A concrete login workflow demonstrates how to orchestrate Redis, PostgreSQL, and MongoDB together:

def user_login(user_id, password):
    # 1. Check Redis cache for an existing session
    cached = redis_client.get(f"session:{user_id}")
    if cached:
        return json.loads(cached)
    # 2. Verify credentials in PostgreSQL
    user = postgres_query(
        "SELECT * FROM users WHERE id = %s AND password_hash = %s",
        (user_id, hash_password(password))
    )
    if not user:
        return None
    # 3. Log the login event to MongoDB
    mongo_collection.insert_one({
        "user_id": user_id,
        "action": "login",
        "timestamp": datetime.now(),
        "ip": get_client_ip()
    })
    # 4. Populate Redis session (1‑hour TTL)
    session_data = {"user_id": user_id, "name": user["name"], "permissions": user["permissions"]}
    redis_client.setex(f"session:{user_id}", 3600, json.dumps(session_data))
    # 5. Optionally fetch personalized recommendations from Neo4j
    recommendations = neo4j_get_recommendations(user_id)
    return {**session_data, "recommendations": recommendations}

6. Quick Reference Matrix

Small / prototype : SQLite – zero‑config, file‑based.

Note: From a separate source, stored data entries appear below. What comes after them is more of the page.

(* Let $\bm D\in\mathbb R^{n\times d}$ ($n\le d$) satisfy $\bm D\bm D^\top=\bm I_n$, let $\bar{\bm D}\in\mathbb R^{(d-n)\times d}$ satisfy $\bar{\bm D}\bm D^\top=\bm 0$, $\bar{\bm D}\bar{\bm D}^\top=\bm I_{d-n}$, and let $\bm A\in\mathbb R^{m\times n}$. Let $s_1,s_2$ be positive integers with $s_1,s_2\le n$ and let $\eta>0$. Suppose $\bm u,\bm v\in\mathbb R^d$ satisfy $\mathrm{supp}(\bm u)\cap\mathrm{supp}(\bm v)=\emptyset$, $\bm u$ is $s_1$-sparse, $\|\bm v\|_1-\|\bm v\|_2\le(s_2-\sqrt{s_2})\eta$ and $\|\bm v\|_\infty\le\eta$. Then $$|\langle\bm A\bm D\bm u,\bm A\bm D\bm v\rangle+\langle\bar{\bm D}\bm u,\bar{\bm D}\bm v\rangle|\le\Big(1+\frac{\sqrt2}{2}\Big)\eta\sqrt{s_2}\,\theta_{s_1,s_2}\|\bm u\|_2.$$
   Context: A vector is $s$-sparse if it has at most $s$ nonzero entries; $\mathrm{supp}(\bm v)$ is the set of indices of nonzero entries. The $\bm D$-restricted orthogonality constant $\theta_{s,t}$ (for $\bm A$ and $\bm D$) is the smallest nonnegative number such that $|\langle\bm A\bm D\bm u,\bm A\bm D\bm v\rangle-\langle\bm D\bm u,\bm D\bm v\rangle|\le\theta_{s,t}\|\bm u\|_2\|\bm v\|_2$ for all $s$-sparse $\bm u\in\mathbb R^d$ and $t$-sparse $\bm v\in\mathbb R^d$. *)

theory Defs
  imports Complex_Main "Jordan_Normal_Form.Matrix"
begin

definition supp_vec :: "real vec \<Rightarrow> nat set" where
  "supp_vec v = {i. i < dim_vec v \<and> v $ i \<noteq> 0}"

definition sparse_vec :: "nat \<Rightarrow> real vec \<Rightarrow> bool" where
  "sparse_vec s v \<longleftrightarrow> card (supp_vec v) \<le> s"

definition norm2_vec :: "real vec \<Rightarrow> real" where
  "norm2_vec v = sqrt (v \<bullet> v)"

definition norm1_vec :: "real vec \<Rightarrow> real" where
  "norm1_vec v = (\<Sum>i<dim_vec v. \<bar>v $ i\<bar>)"

definition norminf_vec :: "real vec \<Rightarrow> real" where
  "norminf_vec v = Max (insert 0 {\<bar>v $ i\<bar> | i. i < dim_vec v})"

definition D_ROC :: "real mat \<Rightarrow> real mat \<Rightarrow> nat \<Rightarrow> nat \<Rightarrow> real" where
  "D_ROC A D s t = Inf {c. c \<ge> 0 \<and>
     (\<forall>u v. u \<in> carrier_vec (dim_col D) \<longrightarrow> v \<in> carrier_vec (dim_col D) \<longrightarrow>
        sparse_vec s u \<longrightarrow> sparse_vec t v \<longrightarrow>
        \<bar>(A *\<^sub>v (D *\<^sub>v u)) \<bullet> (A *\<^sub>v (D *\<^sub>v v)) - (D *\<^sub>v u) \<bullet> (D *\<^sub>v v)\<bar>
          \<le> c * norm2_vec u * norm2_vec v)}"

end

theory Submission
  imports Defs "Jordan_Normal_Form.Determinant" "HOL-Analysis.L2_Norm"
begin

text \<open>
  By \<open>D\<^sup>T D + Dbar\<^sup>T Dbar = I\<close> (the stacked matrix \<open>[D; Dbar]\<close> is orthogonal) and
  \<open>\<langle>u, v\<rangle> = 0\<close>, the left-hand side is \<open>\<langle>g, v\<rangle>\<close> with \<open>g = (D\<^sup>T A\<^sup>T A D - D\<^sup>T D) u\<close>.
  Since \<open>\<parallel>v\<parallel>\<^sub>2\<^sup>2 \<le> \<eta> \<parallel>v\<parallel>\<^sub>1\<close>, the hypothesis on \<open>\<parallel>v\<parallel>\<^sub>1 - \<parallel>v\<parallel>\<^sub>2\<close> becomes a quadratic
  inequality forcing \<open>\<parallel>v\<parallel>\<^sub>2 \<le> \<surd>s\<^sub>2 \<eta>\<close>, hence \<open>\<parallel>v\<parallel>\<^sub>1 \<le> s\<^sub>2 \<eta>\<close>. A vector with entries bounded by
  \<open>\<eta>\<close> and \<open>\<ell>\<^sub>1\<close>-mass at most \<open>s\<^sub>2 \<eta>\<close> pairs with \<open>|g|\<close> at most as well as \<open>\<eta>\<close> times the indicator
  of the set \<open>S\<close> of the \<open>s\<^sub>2\<close> largest entries of \<open>|g|\<close>, so
  \<open>|\<langle>g, v\<rangle>| \<le> \<eta> \<parallel>g\<^sub>S\<parallel>\<^sub>1 \<le> \<eta> \<surd>s\<^sub>2 \<parallel>g\<^sub>S\<parallel>\<^sub>2\<close>. Testing \<open>g\<close> against the \<open>s\<^sub>2\<close>-sparse vector \<open>g\<^sub>S\<close> gives
  \<open>\<parallel>g\<^sub>S\<parallel>\<^sub>2\<^sup>2 = \<langle>g, g\<^sub>S\<rangle> \<le> \<theta> \<parallel>u\<parallel>\<^sub>2 \<parallel>g\<^sub>S\<parallel>\<^sub>2\<close>. The resulting bound holds even without the
  factor \<open>1 + \<surd>2/2\<close>.
\<close>

lemma norm2_vec_eq_L2_set: "norm2_vec x = L2_set (($) x) {..<dim_vec x}"
  unfolding norm2_vec_def L2_set_def scalar_prod_def
  by (simp add: atLeast0LessThan power2_eq_square)
lemma card_cylinder_coord_swap:
  assumes "j \<notin> D" "j \<in> {1..n}" "length v = t j" "length v' = t j"
  shows "card {s \<in> msgs n t. agree_on D s x \<and> s j = v} = card {s \<in> msgs n t. agree_on D s x \<and> s j = v'}"
proof (rule bij_betw_same_card, rule bij_betw_byWitness[where f = "\<lambda>s. s(j := v')" and f' = "\<lambda>s. s(j := v)"])
  show "(\<lambda>s. s(j := v')) ` {s \<in> msgs n t. agree_on D s x \<and> s j = v}
      \<subseteq> {s \<in> msgs n t. agree_on D s x \<and> s j = v'}"
    using assms msgs_fun_upd by (auto simp: agree_on_def)
  show "(\<lambda>s. s(j := v)) ` {s \<in> msgs n t. agree_on D s x \<and> s j = v'}
      \<subseteq> {s \<in> msgs n t. agree_on D s x \<and> s j = v}"
    using assms msgs_fun_upd by (auto simp: agree_on_def)
qed auto

definition indep_coord_given ::
  "nat \<Rightarrow> (nat \<Rightarrow> nat) \<Rightarrow> ((nat \<Rightarrow> bool list) \<Rightarrow> bool) \<Rightarrow> nat \<Rightarrow> nat set \<Rightarrow> bool" where
  "indep_coord_given n t Q j D \<longleftrightarrow>
     (\<forall>x \<in> msgs n t. \<forall>v v'. length v = t j \<longrightarrow> length v' = t j \<longrightarrow>
        card {s \<in> msgs n t. agree_on D s x \<and> s j = v \<and> Q s}
        = card {s \<in> msgs n t. agree_on D s x \<and> s j = v' \<and> Q s})"

lemma indep_coord_given_True:
  "j \<notin> D \<Longrightarrow> j \<in> {1..n} \<Longrightarrow> indep_coord_given n t (\<lambda>_. True) j D"
  by (auto simp: indep_coord_given_def intro: card_cylinder_coord_swap)

lemma indep_coord_given_Diff_singleton:
  assumes indep: "indep_coord_given n t Q j D" and l: "l \<in> D" "l \<in> {1..n}"
  shows "indep_coord_given n t Q j (D - {l})"
  unfolding indep_coord_given_def
proof (intro ballI allI impI)
  fix x and v v' :: "bool list" assume x: "x \<in> msgs n t" and "length v = t j" "length v' = t j"
  then have "card {s \<in> msgs n t. agree_on D s (x(l := u)) \<and> s j = v \<and> Q s}
           = card {s \<in> msgs n t. agree_on D s (x(l := u)) \<and> s j = v' \<and> Q s}"
    if "length u = t l" for u
    using indep msgs_fun_upd[OF x l(2) that] unfolding indep_coord_given_def by blast
  then show "card {s \<in> msgs n t. agree_on (D - {l}) s x \<and> s j = v \<and> Q s}
           = card {s \<in> msgs n t. agree_on (D - {l}) s x \<and> s j = v' \<and> Q s}"
    by (simp add: card_cylinder_split[OF l])
qed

Typical web applications : PostgreSQL – rich feature set, strong consistency.

Rapid iteration / flexible schema : MongoDB – schema‑less JSON documents.

High‑throughput caching : Redis – in‑memory speed.

Complex relationship analysis : Neo4j – graph‑centric queries.

AWS‑centric stack : DynamoDB (+ Aurora if relational features needed).

7. Next Steps

Beginners : start with PostgreSQL + Redis; they cover >90 % of use‑cases.

Intermediate : add MongoDB or Neo4j based on specific data‑model needs.

Production : implement backup, monitoring, and performance tuning; consider vector‑search capabilities when building AI‑enhanced features.

By following the comparative analysis, code examples, and decision guidance in this guide, you can select a database that aligns with your project's functional and operational requirements.